GRATITUDE MONTH: DAY 13: “Appreciation is a wonderful thing. It makes what is excellent in others belong to us as well.”― Voltaire
I love to write letters to employers when they have an employee who is polite and good at what they do. I am free with this practice, because I want to focus on how well some people do their job. It is not a common occurrence, sadly. Seems to me that it is a virtue and practice seen less and less frequently in the current culture we inhabit.
This makes it ever more important to recognize when a person goes one step beyond their job description to offer kindness and courtesy. I make a call or write a letter whenever this happens.
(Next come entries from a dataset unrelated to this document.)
(* Let $d=\mu_+-\mu_-$. For every $\epsilon\in[0,d/2]$ and every $K\in(1,B_K(\epsilon)]$, where $B_K(\epsilon)=\min\{\exp((d-2\epsilon)^2/2),\ d/\epsilon-1\}$ ($d/\epsilon:=+\infty$ if $\epsilon=0$), $$\mathbb E\big[|X-\theta^{(\epsilon)}_{\mathrm r}|\big]\;\ge\;\mathbb E\big[|X-\theta^*|\big]\;\ge\;\mathbb E\big[|X-\theta_{\mathrm f}|\big].$$ Moreover, $\theta_{\mathrm f}=\operatorname{argmin}_{\theta\in[\mu_-,\mu_+]}\mathbb E\big[|X-\theta|\big]$, i.e. the fair threshold minimizes the average distance to the decision boundary over all thresholds in $[\mu_-,\mu_+]$.
   Context: Setting (one-dimensional Gaussian mixture). Fix real numbers $\mu_-<\mu_+$ and $K>1$, and let $d=\mu_+-\mu_-$. Let $(X,Y)$ be a random pair with $\Pr(Y=1)=\Pr(Y=-1)=\tfrac12$, $X\mid Y=-1\sim\mathcal N(\mu_-,1)$, and $X\mid Y=1\sim\mathcal N(\mu_+,K^2)$; expectations are over this joint distribution. For $\theta\in\mathbb R$, $f_\theta(x)=1$ if $x>\theta$ and $f_\theta(x)=-1$ otherwise; the distance of $X$ to the decision boundary of $f_\theta$ is $|X-\theta|$. Class-conditional errors: $e_+(\theta)=\Pr(X\le\theta\mid Y=1)$, $e_-(\theta)=\Pr(X>\theta\mid Y=-1)$. Natural error: $R_{\mathrm{nat}}(\theta)=\tfrac12 e_+(\theta)+\tfrac12 e_-(\theta)$. For $\epsilon\ge0$, robust error: $R_{\mathrm{rob}}^{\epsilon}(\theta)=\tfrac12\Pr(X\le\theta+\epsilon\mid Y=1)+\tfrac12\Pr(X>\theta-\epsilon\mid Y=-1)$. Optimal models: $\theta^*$ minimizes $R_{\mathrm{nat}}$ over $[\mu_-,\mu_+]$; $\theta_{\mathrm f}$ is the threshold in $[\mu_-,\mu_+]$ with $e_+(\theta_{\mathrm f})=e_-(\theta_{\mathrm f})$; $\theta^{(\epsilon)}_{\mathrm r}$ minimizes $R^{\epsilon}_{\mathrm{rob}}$ over $[\mu_-,\mu_+]$. *)

theory Defs
  imports "HOL-Probability.Probability"
begin

definition cond_law :: "real \<Rightarrow> real \<Rightarrow> real measure" where
  "cond_law m s = density lborel (normal_density m s)"

(* Marginal law of X: (1/2) N(mu_-, 1) + (1/2) N(mu_+, K^2). *)
definition mix_law :: "real \<Rightarrow> real \<Rightarrow> real \<Rightarrow> real measure" where
  "mix_law mm mp K = density lborel
     (\<lambda>x. (1/2) * normal_density mm 1 x + (1/2) * normal_density mp K x)"

(* e_+(theta) = Pr(X <= theta | Y = 1) *)
definition e_plus :: "real \<Rightarrow> real \<Rightarrow> real \<Rightarrow> real" where
  "e_plus mp K \<theta> = measure (cond_law mp K) {..\<theta>}"

(* e_-(theta) = Pr(X > theta | Y = -1) *)
definition e_minus :: "real \<Rightarrow> real \<Rightarrow> real" where
  "e_minus mm \<theta> = measure (cond_law mm 1) {\<theta><..}"

definition R_nat :: "real \<Rightarrow> real \<Rightarrow> real \<Rightarrow> real \<Rightarrow> real" where
  "R_nat mm mp K \<theta> = (1/2) * e_plus mp K \<theta> + (1/2) * e_minus mm \<theta>"

definition R_rob :: "real \<Rightarrow> real \<Rightarrow> real \<Rightarrow> real \<Rightarrow> real \<Rightarrow> real" where
  "R_rob mm mp K \<epsilon> \<theta> =
     (1/2) * measure (cond_law mp K) {..\<theta> + \<epsilon>} + (1/2) * measure (cond_law mm 1) {\<theta> - \<epsilon><..}"

definition avg_dist :: "real \<Rightarrow> real \<Rightarrow> real \<Rightarrow> real \<Rightarrow> real" where
  "avg_dist mm mp K \<theta> = (\<integral>x. \<bar>x - \<theta>\<bar> \<partial>mix_law mm mp K)"

definition is_min_on :: "(real \<Rightarrow> real) \<Rightarrow> real set \<Rightarrow> real \<Rightarrow> bool" where
  "is_min_on f S x \<longleftrightarrow> x \<in> S \<and> (\<forall>y\<in>S. f x \<le> f y)"

definition B_K :: "real \<Rightarrow> real \<Rightarrow> real" where
  "B_K d \<epsilon> = (if \<epsilon> = 0 then exp (d\<^sup>2 / 2)
                 else min (exp ((d - 2 * \<epsilon>)\<^sup>2 / 2)) (d / \<epsilon> - 1))"

end

theory Submission
  imports Defs
begin

text \<open>
  The marginal law of \<open>X\<close> has a strictly increasing cdf \<open>F = (1 + e\<^sub>+ - e\<^sub>-) / 2\<close>, and
  \<open>E|X - \<theta>|\<close> is strictly increasing where \<open>F \<ge> 1/2\<close> and strictly decreasing where
  \<open>F \<le> 1/2\<close>. Hence it is uniquely minimised at the median of \<open>X\<close>, which is \<open>\<theta>\<^sub>f\<close>, and the
  theorem reduces to \<open>\<theta>\<^sub>f < \<theta>\<^sup>* \<le> \<theta>\<^sub>r\<close>.

  The derivative of \<open>R\<^sub>n\<^sub>a\<^sub>t\<close> has the sign of the log-ratio \<open>h\<close> of the two class densities, a
  quadratic that is convex because \<open>K > 1\<close>. It is negative at \<open>\<mu>\<^sub>-\<close>, and \<open>K \<le> exp (d\<^sup>2/2)\<close>
  makes it non-negative at \<open>\<mu>\<^sub>+\<close>, so \<open>\<theta>\<^sup>*\<close> is the unique zero \<open>c\<close> of \<open>h\<close> in \<open>(\<mu>\<^sub>-, \<mu>\<^sub>+]\<close>. Equality
  of the densities at \<open>c\<close> forces \<open>(\<mu>\<^sub>+ - c)/K < c - \<mu>\<^sub>-\<close>, i.e. \<open>e\<^sub>-(c) < e\<^sub>+(c)\<close>, whence
  \<open>\<theta>\<^sub>f < c\<close>. Finally \<open>R\<^sub>r\<^sub>o\<^sub>b\<^sup>\<epsilon>\<close> is \<open>R\<^sub>n\<^sub>a\<^sub>t\<close> with both means moved \<open>\<epsilon>\<close> inwards; the bound
  \<open>\<epsilon> (K + 1) \<le> d\<close> keeps the shifted log-ratio negative at \<open>\<mu>\<^sub>-\<close> and non-positive at \<open>c\<close>, so
  \<open>R\<^sub>r\<^sub>o\<^sub>b\<^sup>\<epsilon>\<close> decreases on \<open>[\<mu>\<^sub>-, c]\<close> and \<open>\<theta>\<^sub>r \<ge> c\<close>.
\<close>

section \<open>Normal laws\<close>

lemma continuous_on_normal_density: "0 < s \<Longrightarrow> continuous_on A (normal_density m s)"
  unfolding normal_density_def by (intro continuous_intros) auto

lemma normal_density_standardize:
  "0 < s \<Longrightarrow> normal_density m s x = normal_density 0 1 ((x - m) / s) / s"
  unfolding normal_density_def by (simp add: real_sqrt_mult power_divide)

lemma real_distribution_cond_law: "0 < s \<Longrightarrow> real_distribution (cond_law m s)"
  unfolding real_distribution_def real_distribution_axioms_def cond_law_def
  by (simp add: prob_space_normal_density)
I often do it in front of the person and others, so they know it is appreciated by me.
If we spend more time in appreciation than we do in criticizing and complaining, we are going to be much happier people as well. I find that the more I do this, the more I have to appreciate.
Others respond well and are motivated to perform their work and in their lives more mindfully and with a greater deal of enthusiasm. We all grow taller and stronger in appreciation than we do in criticism. I know this feeling has been with me from times past. I remember the kindnesses and compliments in a better space than I do the abuse.
And then I become a better person as well. When I go out of my way to recognize and thank someone for being who they are and doing what they are doing with an extra bit of kindness, we all benefit. It is the foundation of many of the good relationships I have with others.
I want other people to recognize their good qualities, and shine a light on them, so they know that someone, somewhere is paying attention and cares. Isn’t that what we all want? I have found, and I am sure you all will recognize this, too, that we need to know that others are paying attention sometimes. It is so important.
Many people believe this is the foundation of raising healthy children. I believe this is the foundation of being a healthy person. And I know, too, that this is the basis of having healthier relationships with the world around me.